DOMS is a symptom of the natural processes of muscle recovery and growth. A study showed that when people exercised two days after an intense workout (one which gave them DOMS), while still sore, their levels of cortisol were significantly lower than the first workout and their free testosterone was marginally higher. Cortisol is a hormone that halts muscle growth, so being at lower levels is a good thing. This all adds up to mean that they were in a much better anabolic state after exercising despite having DOMS from a recent workout.
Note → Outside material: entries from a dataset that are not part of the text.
(* Let $U=U_kV_k\cdots U_1V_1U_0$ be a product of unitaries alternating between incoherent unitaries $U_i$ and (generalised controlled) Hadamards $V_i$. Then for any state $|\psi\rangle$ the coherence rank satisfies $\dfrac{\chi(|\psi\rangle)}{2^k}\le \chi(U|\psi\rangle)\le 2^k\chi(|\psi\rangle)$.
   Context: The coherence rank $\chi(|\psi\rangle)$ of a pure state is the minimum number of terms needed to write it as a linear combination of computational basis states. A unitary is incoherent if it has the form $\sum_x e^{i\theta_x}|\pi(x)\rangle\langle x|$ for real $\theta_x$ and a permutation $\pi$. A generalised controlled Hadamard is $\sum_{x\in S}|x\rangle\langle x|\otimes H+\sum_{y\in S^c}|y\rangle\langle y|\otimes I$ for a subset $S$ of bitstrings (this includes a plain Hadamard on one qubit). *)

theory Defs
  imports Complex_Main "HOL-Combinatorics.Permutations"
begin

text \<open>Computational basis states are indexed by the bitstrings
  encoded as naturals x < 2^n (bit j of x = value of qubit j). A state is a function
  nat => complex vanishing outside {..<2^n}; an operator is a matrix nat => nat => complex
  (entry A y x = <y|A|x>).\<close>

type_synonym qstate = "nat \<Rightarrow> complex"
type_synonym qop = "nat \<Rightarrow> nat \<Rightarrow> complex"

definition is_state :: "nat \<Rightarrow> qstate \<Rightarrow> bool" where
  "is_state n \<psi> \<longleftrightarrow> (\<forall>x. x \<ge> 2^n \<longrightarrow> \<psi> x = 0) \<and> (\<Sum>x<2^n. (cmod (\<psi> x))\<^sup>2) = 1"

definition apply_op :: "nat \<Rightarrow> qop \<Rightarrow> qstate \<Rightarrow> qstate" where
  "apply_op n A \<psi> = (\<lambda>y. if y < 2^n then (\<Sum>x<2^n. A y x * \<psi> x) else 0)"

definition coh_rank :: "nat \<Rightarrow> qstate \<Rightarrow> nat" where
  "coh_rank n \<psi> = (LEAST k. \<exists>T c. T \<subseteq> {..<2^n} \<and> card T = k \<and>
       (\<forall>y<2^n. \<psi> y = (\<Sum>x\<in>T. c x * (if y = x then 1 else 0))))"

definition incoherent :: "nat \<Rightarrow> qop \<Rightarrow> bool" where
  "incoherent n A \<longleftrightarrow> (\<exists>\<pi> \<theta>. \<pi> permutes {..<2^n} \<and>
      (\<forall>y x. A y x = (if x < 2^n \<and> y = \<pi> x then cis (\<theta> x) else 0)))"

text \<open>Generalised controlled Hadamard with target qubit t and control set S: on basis
  states whose other qubits (i.e. x with bit t cleared) lie in S, apply H to qubit t;
  otherwise act as identity. S = everything gives a plain Hadamard on qubit t.\<close>
definition gen_ch_mat :: "nat \<Rightarrow> nat \<Rightarrow> nat set \<Rightarrow> qop" where
  "gen_ch_mat n t S = (\<lambda>y x.
     if x < 2^n \<and> y < 2^n then
       (if unset_bit t x \<in> S then
          (if unset_bit t y = unset_bit t x then
             (if bit x t \<and> bit y t then - 1 else 1) / complex_of_real (sqrt 2)
           else 0)
        else (if y = x then 1 else 0))
     else 0)"

definition gen_ch :: "nat \<Rightarrow> qop \<Rightarrow> bool" where
  "gen_ch n V \<longleftrightarrow> (\<exists>t S. t < n \<and> V = gen_ch_mat n t S)"

text \<open>Circuit U = U_k V_k ... U_1 V_1 U_0 given Us = [U_0,...,U_k], Vs = [V_1,...,V_k].\<close>
fun run_circ :: "nat \<Rightarrow> qop list \<Rightarrow> qop list \<Rightarrow> qstate \<Rightarrow> qstate" where
  "run_circ n [] Vs \<psi> = \<psi>"
| "run_circ n [U] Vs \<psi> = apply_op n U \<psi>"
| "run_circ n (U # U' # Us) [] \<psi> = apply_op n U \<psi>"
| "run_circ n (U # U' # Us) (V # Vs) \<psi> = run_circ n (U' # Us) Vs (apply_op n V (apply_op n U \<psi>))"

end

theory Submission
  imports Defs
begin

text \<open>The coherence rank of a state is the size of its support in the computational basis.
  An incoherent unitary permutes the basis up to phases, so it maps the support bijectively.
  A generalised controlled Hadamard with target qubit t only mixes the amplitudes of x and
  x with bit t flipped, so it at most doubles the support; being an involution, it also at
  most halves it. Induction along the circuit gives the factor 2^k in both directions.\<close>

definition supp :: "nat \<Rightarrow> qstate \<Rightarrow> nat set" where
  "supp n \<phi> = {x. x < 2^n \<and> \<phi> x \<noteq> 0}"

lemma finite_supp [simp]: "finite (supp n \<phi>)"
  by (rule finite_subset[of _ "{..<2^n}"]) (auto simp: supp_def)

lemma sum_basis_expansion:
  assumes "finite T"
  shows "(\<Sum>x\<in>T. c x * (if y = x then 1 else 0)) = (if y \<in> T then c y else (0::complex))"
  using assms by (simp add: if_distrib[of "(*) _"] sum.delta cong: if_cong)

lemma coh_rank_eq_card_supp: "coh_rank n \<phi> = card (supp n \<phi>)"
  unfolding coh_rank_def
proof (rule Least_equality)
  show "\<exists>T c. T \<subseteq> {..<2^n} \<and> card T = card (supp n \<phi>) \<and>
      (\<forall>y<2^n. \<phi> y = (\<Sum>x\<in>T. c x * (if y = x then 1 else 0)))"
    by (rule exI[of _ "supp n \<phi>"], rule exI[of _ \<phi>]) (auto simp: sum_basis_expansion supp_def)
next
  fix k assume "\<exists>T c. T \<subseteq> {..<2^n} \<and> card T = k \<and>
      (\<forall>y<2^n. \<phi> y = (\<Sum>x\<in>T. c x * (if y = x then 1 else 0)))"
  then obtain T c where T: "T \<subseteq> {..<2^n}" "card T = k"
    and expansion: "\<forall>y<2^n. \<phi> y = (\<Sum>x\<in>T. c x * (if y = x then 1 else 0))"
    by blast
  have "finite T" using T(1) finite_subset by blast
  moreover have "supp n \<phi> \<subseteq> T"
    using expansion sum_basis_expansion[OF \<open>finite T\<close>] by (auto simp: supp_def split: if_splits)
  ultimately show "card (supp n \<phi>) \<le> k" using card_mono T(2) by blast
qed

lemma supp_apply_op_subset:
  "supp n (apply_op n A \<phi>) \<subseteq> {y. \<exists>x\<in>supp n \<phi>. A y x \<noteq> 0}"
proof
  fix y assume "y \<in> supp n (apply_op n A \<phi>)"
  then have "(\<Sum>x<2^n. A y x * \<phi> x) \<noteq> 0" by (simp add: supp_def apply_op_def split: if_splits)
  then obtain x where "x < 2^n" "A y x * \<phi> x \<noteq> 0" by (meson lessThan_iff sum.neutral)
  then show "y \<in> {y. \<exists>x\<in>supp n \<phi>. A y x \<noteq> 0}" by (auto simp: supp_def)
qed

lemma apply_op_eq_row_sum:
  assumes "y < 2^n" and "X \<subseteq> {..<2^n}" and "\<And>x. x < 2^n \<Longrightarrow> x \<notin> X \<Longrightarrow> A y x = 0"
  shows "apply_op n A \<phi> y = (\<Sum>x\<in>X. A y x * \<phi> x)"
proof -
  have "(\<Sum>x<2^n. A y x * \<phi> x) = (\<Sum>x\<in>X. A y x * \<phi> x)"
    by (rule sum.mono_neutral_right) (use assms in auto)
  then show ?thesis using assms(1) by (simp add: apply_op_def)
qed

lemma card_supp_apply_incoherent:
  assumes "incoherent n U"
  shows "card (supp n (apply_op n U \<phi>)) = card (supp n \<phi>)"
proof -
  obtain \<pi> \<theta> where \<pi>: "\<pi> permutes {..<2^n}"
    and U: "\<And>y x. U y x = (if x < 2^n \<and> y = \<pi> x then cis (\<theta> x) else 0)"
    using assms unfolding incoherent_def by blast
  have "inj \<pi>" using \<pi> permutes_inj by blast
  have \<pi>_range: "\<pi> x < 2^n \<longleftrightarrow> x < 2^n" for x
    using \<pi> by (metis lessThan_iff permutes_in_image)
  have apply_U: "apply_op n U \<phi> (\<pi> x) = cis (\<theta> x) * \<phi> x" if "x < 2^n" for x
  proof -
    have "apply_op n U \<phi> (\<pi> x) = (\<Sum>x'\<in>{x}. U (\<pi> x) x' * \<phi> x')"
      by (rule apply_op_eq_row_sum) (use that \<pi>_range injD[OF \<open>inj \<pi>\<close>] in \<open>auto simp: U\<close>)
    then show ?thesis using that by (simp add: U)
  qed
  have "supp n (apply_op n U \<phi>) = \<pi> ` supp n \<phi>"
  proof (intro equalityI subsetI)
    fix y assume y: "y \<in> supp n (apply_op n U \<phi>)"
    then have "y \<in> \<pi> ` {..<2^n}" using permutes_image[OF \<pi>] by (simp add: supp_def)
    then obtain x where "x < 2^n" "y = \<pi> x" by auto
    then show "y \<in> \<pi> ` supp n \<phi>" using y apply_U by (auto simp: supp_def)
  qed (auto simp: supp_def apply_U \<pi>_range)
  then show ?thesis using \<open>inj \<pi>\<close> by (simp add: card_image inj_on_subset)
qed

lemma flip_bit_less_power:
  fixes y :: nat
  assumes "y < 2^n" and "t < n"
  shows "flip_bit t y < 2^n"
  using assms by (metis take_bit_flip_bit_eq take_bit_nat_eq_self_iff not_le)

lemma flip_bit_flip_bit [simp]: "flip_bit t (flip_bit t y) = (y::nat)"
  by (rule bit_eqI) (auto simp: bit_flip_bit_iff)

lemma flip_bit_neq [simp]: "flip_bit t y \<noteq> (y::nat)"
  by (metis bit_flip_bit_iff possible_bit_nat)

lemma unset_bit_flip_bit [simp]: "unset_bit t (flip_bit t y) = unset_bit t (y::nat)"
  by (rule bit_eqI) (auto simp: bit_flip_bit_iff bit_unset_bit_iff)

lemma unset_bit_eq_iff:
  "unset_bit t x = unset_bit t y \<longleftrightarrow> x = y \<or> x = flip_bit t (y::nat)"
proof
  assume eq: "unset_bit t x = unset_bit t y"
  have same: "bit x m = bit y m" if "m \<noteq> t" for m
    using arg_cong[OF eq, of "\<lambda>z. bit z m"] that by (simp add: bit_unset_bit_iff)
  show "x = y \<or> x = flip_bit t y"
  proof (cases "bit x t = bit y t")
    case True
    then have "x = y" by (intro bit_eqI) (metis same)
    then show ?thesis ..
  next
    case False
    then have "x = flip_bit t y" by (intro bit_eqI) (metis same bit_flip_bit_iff possible_bit_nat)
    then show ?thesis ..
  qed
qed auto
(* Let $S$ be a set of $n$ points in $\mathbb{R}^k$ under an $L_p$ metric $d$ ($1\le p<\infty$). Consider the following level-by-level construction: set $S_1=S$; given a nonempty $S_i$, choose a pivot $p_i$ uniformly at random from $S_i$ (independently of previous levels), let $d_i=d(p_i,S_i)$, form the axis-aligned grid $G_i$ with boxes of side length $d_i/(6k)$, let $S_i'$ be the set of points $x\in S_i$ such that no other point of $S_i$ lies in the $3^k$ boxes of $G_i$ consisting of the box containing $x$ and its bordering boxes, set $S_{i+1}=S_i\setminus S_i'$, and recurse on $S_{i+1}$ if it is nonempty. Then with high probability the construction makes $O(\log n)$ recursive calls, i.e., the resulting sparse partition has $O(\log n)$ levels.
   Context: $d(x,T)=\min\{d(x,y):y\in T\setminus\{x\}\}$. A bound holds with high probability on input size $n$ if it holds with probability at least $1-1/n^c$ for some constant $c>0$. *)

theory Defs
  imports "HOL-Analysis.Analysis" "HOL-Probability.Probability"
begin

text \<open>Points of R^k are modelled as vectors of type real^'k, with k = CARD('k).\<close>

definition lp_dist :: "real \<Rightarrow> real^'k \<Rightarrow> real^'k \<Rightarrow> real" where
  "lp_dist p x y = (\<Sum>i\<in>UNIV. \<bar>x$i - y$i\<bar> powr p) powr (1 / p)"

text \<open>d(x,T) = min over T minus x of the distance to x (used only when T has another point).\<close>
definition set_dist :: "real \<Rightarrow> real^'k \<Rightarrow> (real^'k) set \<Rightarrow> real" where
  "set_dist p x T = Min ((\<lambda>y. lp_dist p x y) ` (T - {x}))"

definition grid_box :: "real \<Rightarrow> real^'k \<Rightarrow> ('k \<Rightarrow> int)" where
  "grid_box s x = (\<lambda>i. \<lfloor>x$i / s\<rfloor>)"

definition grid_isolated :: "real \<Rightarrow> (real^'k) set \<Rightarrow> real^'k \<Rightarrow> bool" where
  "grid_isolated s T x \<longleftrightarrow>
     \<not> (\<exists>y\<in>T. y \<noteq> x \<and> (\<forall>i. \<bar>grid_box s y i - grid_box s x i\<bar> \<le> 1))"

text \<open>One level: given S_i and pivot q, compute S_{i+1} = S_i - S_i'.
  For a singleton S_i (d_i undefined) the single point is isolated in every grid,
  so S_{i+1} is empty.\<close>
definition next_level :: "real \<Rightarrow> (real^'k) set \<Rightarrow> real^'k \<Rightarrow> (real^'k) set" where
  "next_level p S q =
     (if card S \<le> 1 then {}
      else (let d = set_dist p q S; s = d / (6 * real CARD('k))
            in S - {x\<in>S. grid_isolated s S x}))"

primrec levels_fuel :: "nat \<Rightarrow> real \<Rightarrow> (real^'k) set \<Rightarrow> nat pmf" where
  "levels_fuel 0 p S = return_pmf 0"
| "levels_fuel (Suc m) p S =
     (if S = {} then return_pmf 0
      else bind_pmf (pmf_of_set S) (\<lambda>q. map_pmf Suc (levels_fuel m p (next_level p S q))))"

text \<open>Each level removes at least the pivot, so card S levels of fuel suffice and this is
  exactly the number of levels of the construction started at S_1 = S.\<close>
definition num_levels :: "real \<Rightarrow> (real^'k) set \<Rightarrow> nat pmf" where
  "num_levels p S = levels_fuel (card S) p S"

end

theory Submission
  imports Defs
begin

text \<open>
  If q is the pivot of a level with d = d(q, S), then two points in neighbouring boxes of the
  grid with side d/(6k) are at L_p-distance at most d/3, so every point x with d(x, S) \<ge> d
  is isolated: only the points with d(x, S) < d(q, S) pass to the next level. Summed over the
  |S| choices of q this counts ordered pairs (x, q) with d(x, S) < d(q, S), at most |S|^2/2,
  so the next level has expected size at most |S|/2. By induction the probability of more
  than m levels is at most |S| 2^-m, which is 1/|S| for m about 3 log2 |S|.
\<close>

lemma measure_bind_pmf_of_set:
  assumes "finite S" "S \<noteq> {}"
  shows "measure_pmf.prob (bind_pmf (pmf_of_set S) N) X =
           (\<Sum>x\<in>S. measure_pmf.prob (N x) X) / card S"
proof -
  have "emeasure (measure_pmf (bind_pmf (pmf_of_set S) N)) X = (\<Sum>x\<in>S. emeasure (N x) X) / card S"
    using assms by (simp add: nn_integral_pmf_of_set)
  also have "\<dots> = ennreal ((\<Sum>x\<in>S. measure_pmf.prob (N x) X) / card S)"
    using assms
    by (simp add: measure_pmf.emeasure_eq_measure sum_ennreal ennreal_of_nat_eq_real_of_nat
        divide_ennreal sum_nonneg card_gt_0_iff)
  finally show ?thesis
    by (simp add: measure_pmf.emeasure_eq_measure sum_nonneg)
qed

lemma lp_dist_pos:
  fixes x y :: "real^'k"
  assumes "1 \<le> p" "x \<noteq> y"
  shows "0 < lp_dist p x y"
proof -
  obtain i where "x$i \<noteq> y$i"
    using assms(2) by (auto simp: vec_eq_iff)
  then have "0 < (\<Sum>j\<in>UNIV. \<bar>x$j - y$j\<bar> powr p)"
    by (intro sum_pos2[of UNIV i]) auto
  then show ?thesis
    unfolding lp_dist_def by simp
qed

lemma lp_dist_le_of_coordinate_bound:
  fixes x y :: "real^'k"
  assumes "1 \<le> p" "0 \<le> t" "\<And>i. \<bar>x$i - y$i\<bar> \<le> t"
  shows "lp_dist p x y \<le> real CARD('k) * t"
proof -
  let ?K = "real CARD('k)"
  have "(\<Sum>i\<in>UNIV. \<bar>x$i - y$i\<bar> powr p) \<le> (\<Sum>i\<in>(UNIV::'k set). t powr p)"
    using assms by (intro sum_mono powr_mono2) auto
  then have "lp_dist p x y \<le> (?K * t powr p) powr (1/p)"
    unfolding lp_dist_def using assms(1) by (auto intro!: powr_mono2 sum_nonneg)
  also have "\<dots> = ?K powr (1/p) * t"
    using assms by (simp add: powr_mult powr_powr)
  also have "\<dots> \<le> ?K powr 1 * t"
    using assms by (intro mult_right_mono powr_mono) auto
  finally show ?thesis
    by simp
qed

lemma abs_diff_le_of_adjacent_floor:
  fixes a b s :: real
  assumes "0 < s" "\<bar>\<lfloor>a / s\<rfloor> - \<lfloor>b / s\<rfloor>\<bar> \<le> 1"
  shows "\<bar>a - b\<bar> \<le> 2 * s"
proof -
  have "\<bar>a / s - b / s\<bar> \<le> 2"
    using assms(2) floor_correct[of "a / s"] floor_correct[of "b / s"] by linarith
  then show ?thesis
    using assms(1) by (simp add: diff_divide_distrib[symmetric] divide_le_eq)
qed

lemma set_dist_le_lp_dist:
  assumes "finite S" "y \<in> S" "y \<noteq> x"
  shows "set_dist p x S \<le> lp_dist p x y"
  unfolding set_dist_def using assms by (intro Min_le) auto

lemma set_dist_pos:
  fixes S :: "(real^'k) set"
  assumes "1 \<le> p" "finite S" "2 \<le> card S" "q \<in> S"
  shows "0 < set_dist p q S"
proof -
  have "\<not> S \<subseteq> {q}"
    using assms(3) card_mono[of "{q}" S] by auto
  then have "S - {q} \<noteq> {}"
    by auto
  then show ?thesis
    unfolding set_dist_def using assms by (subst Min_gr_iff) (auto intro: lp_dist_pos)
qed

lemma grid_isolated_if_far:
  fixes S :: "(real^'k) set"
  assumes "1 \<le> p" "finite S" "0 < s" "2 * real CARD('k) * s < set_dist p x S"
  shows "grid_isolated s S x"
  unfolding grid_isolated_def
proof
  assume "\<exists>y\<in>S. y \<noteq> x \<and> (\<forall>i. \<bar>grid_box s y i - grid_box s x i\<bar> \<le> 1)"
  then obtain y where y: "y \<in> S" "y \<noteq> x" "\<And>i. \<bar>grid_box s y i - grid_box s x i\<bar> \<le> 1"
    by blast
  have "\<bar>x$i - y$i\<bar> \<le> 2 * s" for i
    using abs_diff_le_of_adjacent_floor[OF assms(3), of "y$i" "x$i"] y(3)[of i]
    by (simp add: grid_box_def abs_minus_commute)
  then have "lp_dist p x y \<le> 2 * real CARD('k) * s"
    using lp_dist_le_of_coordinate_bound[OF assms(1), of "2 * s" x y] assms(3) by simp
  moreover have "set_dist p x S \<le> lp_dist p x y"
    using set_dist_le_lp_dist[OF assms(2) y(1,2)] .
  ultimately show False
    using assms(4) by linarith
qed

lemma next_level_subset:
  fixes S :: "(real^'k) set"
  assumes "1 \<le> p" "finite S" "q \<in> S"
  shows "next_level p S q \<subseteq> {x\<in>S. set_dist p x S < set_dist p q S}"
proof (cases "card S \<le> 1")
  case True
  then show ?thesis
    by (simp add: next_level_def)
next
  case False
  define d where "d = set_dist p q S"
  define s where "s = d / (6 * real CARD('k))"
  have "0 < d"
    unfolding d_def using set_dist_pos[OF assms(1,2) _ assms(3)] False by simp
  then have "0 < s" "2 * real CARD('k) * s < d"
    unfolding s_def by simp_all
  then have "set_dist p x S < d" if "\<not> grid_isolated s S x" for x
    using grid_isolated_if_far[OF assms(1,2)] that by force
  then show ?thesis
    using False by (auto simp: next_level_def Let_def d_def s_def)
qed

lemma card_pairs_less_le:
  fixes g :: "'a \<Rightarrow> 'b::order"
  assumes "finite S"
  shows "2 * (\<Sum>q\<in>S. card {x\<in>S. g x < g q}) \<le> card S ^ 2"
proof -
  define P where "P = Sigma S (\<lambda>q. {x\<in>S. g x < g q})"
  have "finite P" "P \<inter> prod.swap ` P = {}" "P \<union> prod.swap ` P \<subseteq> S \<times> S"
    unfolding P_def using assms by auto
  then have "card P + card (prod.swap ` P) \<le> card (S \<times> S)"
    using assms by (metis card_Un_disjoint card_mono finite_SigmaI finite_imageI)
  moreover have "card (prod.swap ` P) = card P"
    by (simp add: card_image)
  moreover have "card P = (\<Sum>q\<in>S. card {x\<in>S. g x < g q})"
    unfolding P_def using assms by (simp add: card_SigmaI)
  ultimately show ?thesis
    by (simp add: card_cartesian_product power2_eq_square)
qed

lemma sum_card_next_level_le:
  fixes S :: "(real^'k) set"
  assumes "1 \<le> p" "finite S"
  shows "(\<Sum>q\<in>S. real (card (next_level p S q))) \<le> real (card S) ^ 2 / 2"
proof -
  have "(\<Sum>q\<in>S. card (next_level p S q)) \<le> (\<Sum>q\<in>S. card {x\<in>S. set_dist p x S < set_dist p q S})"
    using assms next_level_subset by (intro sum_mono card_mono) auto
  also have "2 * \<dots> \<le> card S ^ 2"
    using card_pairs_less_le[OF assms(2)] .
  finally have "2 * (\<Sum>q\<in>S. card (next_level p S q)) \<le> card S ^ 2"
    by linarith
  then have "2 * real (\<Sum>q\<in>S. card (next_level p S q)) \<le> real (card S) ^ 2"
    by (metis of_nat_le_iff of_nat_mult of_nat_numeral of_nat_power)
  then show ?thesis
    by simp
qed

lemma prob_levels_fuel_Suc_gt:
  assumes "finite S" "S \<noteq> {}"
  shows "measure_pmf.prob (levels_fuel (Suc f) p S) {l. Suc m < l} =
           (\<Sum>q\<in>S. measure_pmf.prob (levels_fuel f p (next_level p S q)) {l. m < l}) / card S"
  using assms by (simp add: measure_bind_pmf_of_set vimage_def)

lemma prob_levels_fuel_gt_le:
  fixes S :: "(real^'k) set"
  assumes "1 \<le> p" "finite S"
  shows "measure_pmf.prob (levels_fuel f p S) {l. m < l} \<le> real (card S) * (1/2) ^ m"
  using assms(2)
proof (induction f arbitrary: S m)
  case 0
  then show ?case
    by simp
next
  case (Suc f)
  show ?case
  proof (cases "S = {}")
    case True
    then show ?thesis
      by simp
  next
    case False
    then have n_ge_1: "1 \<le> real (card S)"
      using Suc.prems by (simp add: Suc_leI card_gt_0_iff)
    show ?thesis
    proof (cases m)
      case 0
      have "measure_pmf.prob (levels_fuel (Suc f) p S) {l. m < l} \<le> 1"
        by (rule measure_pmf.prob_le_1)
      then show ?thesis
        using n_ge_1 by (simp only: 0 power_0 mult_1_right)
    next
      case (Suc m')
      have "\<And>q. finite (next_level p S q)"
        using Suc.prems by (rule finite_subset[rotated]) (auto simp: next_level_def Let_def)
      then have "(\<Sum>q\<in>S. measure_pmf.prob (levels_fuel f p (next_level p S q)) {l. m' < l})
          \<le> (\<Sum>q\<in>S. real (card (next_level p S q))) * (1/2) ^ m'"
        by (simp add: sum_distrib_right sum_mono Suc.IH)
      also have "\<dots> \<le> real (card S) ^ 2 / 2 * (1/2) ^ m'"
        by (intro mult_right_mono sum_card_next_level_le assms(1) Suc.prems) simp
      finally have sum_le: "(\<Sum>q\<in>S. measure_pmf.prob (levels_fuel f p (next_level p S q)) {l. m' < l})
          \<le> real (card S) ^ 2 / 2 * (1/2) ^ m'" .
      have "measure_pmf.prob (levels_fuel (Suc f) p S) {l. m < l}
          = (\<Sum>q\<in>S. measure_pmf.prob (levels_fuel f p (next_level p S q)) {l. m' < l}) / card S"
        unfolding Suc by (rule prob_levels_fuel_Suc_gt[OF Suc.prems False])
      also have "\<dots> \<le> real (card S) ^ 2 / 2 * (1/2) ^ m' / card S"
        by (rule divide_right_mono[OF sum_le]) simp
      also have "\<dots> = real (card S) * (1/2) ^ m"
        using n_ge_1 Suc by (simp add: power2_eq_square)
      finally show ?thesis .
    qed
  qed
qed

lemma mult_half_pow_le_inverse:
  fixes n :: real
  assumes "2 \<le> n" "3 * log 2 n \<le> real m + 1"
  shows "n * (1/2) ^ m \<le> 1 / n"
proof -
  have "n ^ 3 = (2 powr log 2 n) powr 3"
    using assms(1) by simp
  also have "\<dots> = 2 powr (3 * log 2 n)"
    by (simp only: powr_powr mult.commute)
  also have "\<dots> \<le> 2 powr (real m + 1)"
    using assms(2) by (intro powr_mono) auto
  also have "\<dots> = 2 * 2 ^ m"
    by (simp add: powr_add powr_realpow)
  finally have "n * (1/2) ^ m \<le> n * (2 / n ^ 3)"
    using assms(1) by (simp add: field_simps)
  also have "\<dots> \<le> 1 / n"
    using assms(1) by (simp add: field_simps power3_eq_cube)
  finally show ?thesis .
qed

theorem lemma4p1:
  fixes p :: real
  assumes "1 \<le> p"
  shows "\<exists>C c n0. C > 0 \<and> c > 0 \<and>
           (\<forall>S :: (real^'k) set. finite S \<and> card S \<ge> n0 \<longrightarrow>
              measure_pmf.prob (num_levels p S) {l. real l > C * ln (real (card S))}
                \<le> 1 / real (card S) powr c)"
proof (rule exI[of _ "3 / ln 2"], rule exI[of _ 1], rule exI[of _ 2], intro conjI allI impI)
  fix S :: "(real^'k) set"
  assume S: "finite S \<and> 2 \<le> card S"
  define n where "n = real (card S)"
  define m where "m = nat \<lfloor>3 * log 2 n\<rfloor>"
  have "2 \<le> n"
    using S by (simp add: n_def)
  then have "0 \<le> log 2 n"
    by simp
  then have m: "3 * log 2 n \<le> real m + 1" "{l. real l > 3 * log 2 n} \<subseteq> {l. m < l}"
    unfolding m_def by (linarith, auto simp: nat_less_iff floor_less_iff)
  have "3 / ln 2 * ln n = 3 * log 2 n"
    by (simp add: log_def)
  then have "measure_pmf.prob (num_levels p S) {l. real l > 3 / ln 2 * ln n}
      \<le> measure_pmf.prob (num_levels p S) {l. m < l}"
    using m(2) by (simp add: measure_pmf.finite_measure_mono)
  also have "\<dots> \<le> n * (1/2) ^ m"
    unfolding num_levels_def n_def using prob_levels_fuel_gt_le assms S by blast
  also have "\<dots> \<le> 1 / n"
    using mult_half_pow_le_inverse \<open>2 \<le> n\<close> m(1) .
  finally show "measure_pmf.prob (num_levels p S) {l. real l > 3 / ln 2 * ln (real (card S))}
      \<le> 1 / real (card S) powr 1"
    using \<open>2 \<le> n\<close> by (simp add: n_def)
qed simp_all

end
On top of that, the researchers had subjects do heavy negative rep curls in order to induce soreness in the biceps and then repeated the exercise two and four days after that.

The result was that there was no real difference in strength, range of motion, soreness or chemical indicators of muscle damage (plasma creatine kinase). What does this mean? It shows that back-to-back-to-back intense training did not do more muscle damage.

Verdict

It has been researched and shown that you generally need to have 48-72 hours between workouts in order to recover fully before working out again. This is nothing to do with being sore, and holds true whether you are sore or not.